━━ PROVIDED MATERIAL
(* Consider the translation and rotation invariant model described in the context, fix $\beta>0$, and let $\widehat{B}:(-\pi,\pi]^d\to(0,+\infty]$ be a continuous function such that (i) $\int_{(-\pi,\pi]^d}\widehat{B}(p)\,dp<\infty$ and (ii) $\widehat{D}^\Lambda_p\le\widehat{B}(p)$ for all $p\in\Lambda_*\setminus\{0\}$ and all boxes $\Lambda$. For a box $\Lambda$ and $\ell,\ell'\in\Lambda$ put $B^\Lambda_{\ell\ell'}=|\Lambda|^{-1}\sum_{p\in\Lambda_*\setminus\{0\}}\widehat{B}(p)\cos(p,\ell-\ell')$. Then for every box $\Lambda$ and all $\ell,\ell'\in\Lambda$, $$D^\Lambda_{\ell\ell'}\ge\big(D^\Lambda_{\ell\ell}-B^\Lambda_{\ell\ell}\big)+B^\Lambda_{\ell\ell'}.$$
   Context: Model. $d,\nu\ge1$, $m>0$, $a>0$. Interaction: $J_{\ell\ell'}=\phi(|\ell_1-\ell'_1|,\dots,|\ell_d-\ell'_d|)$ with $\phi:\mathbb{N}_0^d\to[0,\infty)$, $\phi(0)=0$, $\sum_{\ell'}J_{\ell\ell'}<\infty$. Anharmonic potential $V:\mathbb{R}^\nu\to\mathbb{R}$, the same at all sites, continuous, with $V(Ux)=V(x)$ for all $U\in O(\nu)$ and $V(x)\ge A_V|x|^{2r}+B_V$ ($r>1$, $A_V>0$). $C_\beta$: continuous $\omega:[0,\beta]\to\mathbb{R}^\nu$ with $\omega(0)=\omega(\beta)$; $L^2_\beta=L^2([0,\beta]\to\mathbb{R}^\nu)$. $\chi$: centered Gaussian measure on $C_\beta$ with covariance $A^{-1}$, $A=(-m\frac{d^2}{d\tau^2}+a)\otimes\mathbf{I}$ with periodic boundary conditions; $\chi_\Lambda=\bigotimes_{\ell\in\Lambda}\chi$. Boxes: $\Lambda=\Lambda_L=(-L,L]^d\cap\mathbb{Z}^d$, regarded as a discrete torus of side $2L$; $J^\Lambda_{\ell\ell'}=\phi$ evaluated at the coordinatewise torus distances of $\ell,\ell'$. Periodic measure: $\nu^{\rm per}_\Lambda(d\omega_\Lambda)\propto\exp\big[\frac12\sum_{\ell,\ell'\in\Lambda}J^\Lambda_{\ell\ell'}(\omega_\ell,\omega_{\ell'})_{L^2_\beta}-\sum_{\ell\in\Lambda}\int_0^\beta V(\omega_\ell(\tau))d\tau\big]\chi_\Lambda(d\omega_\Lambda)$ (normalized to a probability). $D^\Lambda_{\ell\ell'}=\beta\int_0^\beta\langle(\omega_\ell(\tau),\omega_{\ell'}(\tau'))\rangle_{\nu^{\rm per}_\Lambda}d\tau'$ (independent of $\tau$). $\Lambda_*=\{p\in\mathbb{R}^d:p_j=-\pi+\frac{\pi}{L}s_j,\ s_j=1,\dots,2L\}$ and $\widehat{D}^\Lambda_p=\sum_{\ell'\in\Lambda}D^\Lambda_{\ell\ell'}e^{i(p,\ell'-\ell)}$ (independent of $\ell$). *)

theory Defs
  imports "HOL-Probability.Probability"
begin

definition Cper :: "real \<Rightarrow> (real \<Rightarrow> real^'v) set" where
  "Cper \<beta> = {\<omega>. continuous_on {0..\<beta>} \<omega> \<and> \<omega> 0 = \<omega> \<beta>}"

text \<open>C_beta with the sigma-algebra generated by the evaluations omega |-> omega(tau), tau in [0,beta]
  (trace of the cylinder sigma-algebra; equals the Borel sigma-algebra of the sup-norm topology).\<close>
definition path_space :: "real \<Rightarrow> (real \<Rightarrow> real^'v) measure" where
  "path_space \<beta> = restrict_space (PiM {0..\<beta>} (\<lambda>_. borel)) (Cper \<beta>)"

text \<open>Integral kernel of A^{-1}, A = -m d^2/dtau^2 + a on [0,beta] with periodic boundary
  conditions, via its eigen-expansion (eigenfunctions exp(2 pi i k tau/beta)/sqrt beta,
  eigenvalues m (2 pi k/beta)^2 + a, k in Z).\<close>
definition greenK :: "real \<Rightarrow> real \<Rightarrow> real \<Rightarrow> real \<Rightarrow> real \<Rightarrow> real" where
  "greenK m a \<beta> t s = (1/\<beta>) * (1/a + 2 * (\<Sum>k. cos (2*pi*real (Suc k)*(t - s)/\<beta>)
        / (m * (2*pi*real (Suc k)/\<beta>)^2 + a)))"

text \<open>chi is the centered Gaussian probability measure on C_beta with covariance A^{-1} (times the
  identity on R^nu): characterised by its characteristic functional on finite-dimensional projections.\<close>
definition periodic_gaussian :: "(real \<Rightarrow> real^'v) measure \<Rightarrow> real \<Rightarrow> real \<Rightarrow> real \<Rightarrow> bool" where
  "periodic_gaussian \<chi>\<^sub>0 m a \<beta> \<longleftrightarrow>
     prob_space \<chi>\<^sub>0 \<and> sets \<chi>\<^sub>0 = sets (path_space \<beta>) \<and>
     (\<forall>(n::nat) (ts::nat \<Rightarrow> real) (vs::nat \<Rightarrow> real^'v). (\<forall>k<n. ts k \<in> {0..\<beta>}) \<longrightarrow>
        integral\<^sup>L \<chi>\<^sub>0 (\<lambda>\<omega>. cis (\<Sum>k<n. \<omega> (ts k) \<bullet> vs k))
        = complex_of_real (exp (- (\<Sum>k<n. \<Sum>l<n. greenK m a \<beta> (ts k) (ts l) * (vs k \<bullet> vs l)) / 2)))"

definition lbox :: "nat \<Rightarrow> (int^'d) set" where
  "lbox L = {l. \<forall>j. - int L < l$j \<and> l$j \<le> int L}"

definition tdist :: "nat \<Rightarrow> int \<Rightarrow> int \<Rightarrow> nat" where
  "tdist L x y = (let r = (x - y) mod (2 * int L) in nat (min r (2 * int L - r)))"

definition Jper :: "(nat^'d \<Rightarrow> real) \<Rightarrow> nat \<Rightarrow> int^'d \<Rightarrow> int^'d \<Rightarrow> real" where
  "Jper \<phi> L l l' = \<phi> (\<chi> j. tdist L (l$j) (l'$j))"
━━━━
## YOUR INSTRUCTIONS
Within the entries, find all lines holding "Jper" and copy each one.

## RESULT
definition Jper :: "(nat^'d \<Rightarrow> real) \<Rightarrow> nat \<Rightarrow> int^'d \<Rightarrow> int^'d \<Rightarrow> real" where
  "Jper \<phi> L l l' = \<phi> (\<chi> j. tdist L (l$j) (l'$j))"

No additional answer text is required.